lemma Phi_sel_pos:
  assumes "S \<in> sets lebesgue" and "emeasure lebesgue S > 0"
  shows "0 < Phi_sel S \<mu>"
proof -
  have "S \<notin> null_sets lebesgue"
    using assms by (simp add: null_sets_def)
  then have "Phi_sel S \<mu> \<noteq> 0"
    using null_if_pos_func_has_zero_int[OF integrable_phi_fold assms(1)] phi_fold_pos
    unfolding Phi_sel_def by auto
  then show ?thesis
    using Phi_sel_nonneg by (simp add: less_le)
qed

lemma sigma_finite_lebesgue: "sigma_finite_measure (lebesgue :: 'a::euclidean_space measure)"
proof
  obtain A :: "'a set set" where "countable A" "A \<subseteq> sets lborel" "\<Union>A = space lborel"
    "\<forall>a\<in>A. emeasure lborel a \<noteq> \<infinity>"
    using lborel.sigma_finite_countable by blast
  then show "\<exists>A. countable A \<and> A \<subseteq> sets (lebesgue :: 'a measure) \<and> \<Union>A = space lebesgue \<and>
      (\<forall>a\<in>A. emeasure lebesgue a \<noteq> \<infinity>)"
    by (intro exI[of _ A]) (auto simp: emeasure_completion)
qed

lemma borel_measurable_Phi_sel:
  assumes "S \<in> sets lebesgue" and "sets M = sets borel"
  shows "Phi_sel S \<in> borel_measurable M"
proof -
  interpret lebesgue: sigma_finite_measure "lebesgue :: real measure"
    by (rule sigma_finite_lebesgue)
  have swap: "(\<lambda>p. (snd p, fst p)) \<in> borel \<Otimes>\<^sub>M lebesgue \<rightarrow>\<^sub>M borel \<Otimes>\<^sub>M borel"
    by (intro measurable_Pair measurable_compose[OF measurable_snd] measurable_fst)
       (auto intro: measurable_completion)
  have "(\<lambda>p. indicator S (snd p) *\<^sub>R phi_fold (snd p) (fst p))
      \<in> borel_measurable (borel \<Otimes>\<^sub>M lebesgue)"
    using measurable_comp[OF swap borel_measurable_phi_fold] assms(1)
    by (intro borel_measurable_scaleR measurable_compose[OF measurable_snd]) (auto simp: o_def)
  then have "Phi_sel S \<in> borel_measurable borel"
    unfolding Phi_sel_def set_lebesgue_integral_def
    by (intro lebesgue.borel_measurable_lebesgue_integral
        [where f="\<lambda>\<mu> z. indicator S z *\<^sub>R phi_fold z \<mu>"]) auto
  then show ?thesis
    by (simp add: measurable_cong_sets[OF assms(2) refl])
qed

definition mixture ::
  "'a measure \<Rightarrow> 'i set \<Rightarrow> ('i \<Rightarrow> ennreal) \<Rightarrow> ('i \<Rightarrow> 'a measure) \<Rightarrow> 'a measure" where
  "mixture \<Omega> I w M = measure_of (space \<Omega>) (sets \<Omega>) (\<lambda>A. \<Sum>i\<in>I. w i * emeasure (M i) A)"

lemma sets_mixture[simp]: "sets (mixture \<Omega> I w M) = sets \<Omega>"
  unfolding mixture_def by (rule sets.sets_measure_of_eq)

= = = =

* [ACTION ITEM]: Transcribe all records exactly as written.

* [EXERCISE RESPONSE]:
lemma Phi_sel_pos:
  assumes "S \<in> sets lebesgue" and "emeasure lebesgue S > 0"
  shows "0 < Phi_sel S \<mu>"
proof -
  have "S \<notin> null_sets lebesgue"
    using assms by (simp add: null_sets_def)
  then have "Phi_sel S \<mu> \<noteq> 0"
    using null_if_pos_func_has_zero_int[OF integrable_phi_fold assms(1)] phi_fold_pos
    unfolding Phi_sel_def by auto
  then show ?thesis
    using Phi_sel_nonneg by (simp add: less_le)
qed

lemma sigma_finite_lebesgue: "sigma_finite_measure (lebesgue :: 'a::euclidean_space measure)"
proof
  obtain A :: "'a set set" where "countable A" "A \<subseteq> sets lborel" "\<Union>A = space lborel"
    "\<forall>a\<in>A. emeasure lborel a \<noteq> \<infinity>"
    using lborel.sigma_finite_countable by blast
  then show "\<exists>A. countable A \<and> A \<subseteq> sets (lebesgue :: 'a measure) \<and> \<Union>A = space lebesgue \<and>
      (\<forall>a\<in>A. emeasure lebesgue a \<noteq> \<infinity>)"
    by (intro exI[of _ A]) (auto simp: emeasure_completion)
qed

lemma borel_measurable_Phi_sel:
  assumes "S \<in> sets lebesgue" and "sets M = sets borel"
  shows "Phi_sel S \<in> borel_measurable M"
proof -
  interpret lebesgue: sigma_finite_measure "lebesgue :: real measure"
    by (rule sigma_finite_lebesgue)
  have swap: "(\<lambda>p. (snd p, fst p)) \<in> borel \<Otimes>\<^sub>M lebesgue \<rightarrow>\<^sub>M borel \<Otimes>\<^sub>M borel"
    by (intro measurable_Pair measurable_compose[OF measurable_snd] measurable_fst)
       (auto intro: measurable_completion)
  have "(\<lambda>p. indicator S (snd p) *\<^sub>R phi_fold (snd p) (fst p))
      \<in> borel_measurable (borel \<Otimes>\<^sub>M lebesgue)"
    using measurable_comp[OF swap borel_measurable_phi_fold] assms(1)
    by (intro borel_measurable_scaleR measurable_compose[OF measurable_snd]) (auto simp: o_def)
  then have "Phi_sel S \<in> borel_measurable borel"
    unfolding Phi_sel_def set_lebesgue_integral_def
    by (intro lebesgue.borel_measurable_lebesgue_integral
        [where f="\<lambda>\<mu> z. indicator S z *\<^sub>R phi_fold z \<mu>"]) auto
  then show ?thesis
    by (simp add: measurable_cong_sets[OF assms(2) refl])
qed

definition mixture ::
  "'a measure \<Rightarrow> 'i set \<Rightarrow> ('i \<Rightarrow> ennreal) \<Rightarrow> ('i \<Rightarrow> 'a measure) \<Rightarrow> 'a measure" where
  "mixture \<Omega> I w M = measure_of (space \<Omega>) (sets \<Omega>) (\<lambda>A. \<Sum>i\<in>I. w i * emeasure (M i) A)"

lemma sets_mixture[simp]: "sets (mixture \<Omega> I w M) = sets \<Omega>"
  unfolding mixture_def by (rule sets.sets_measure_of_eq)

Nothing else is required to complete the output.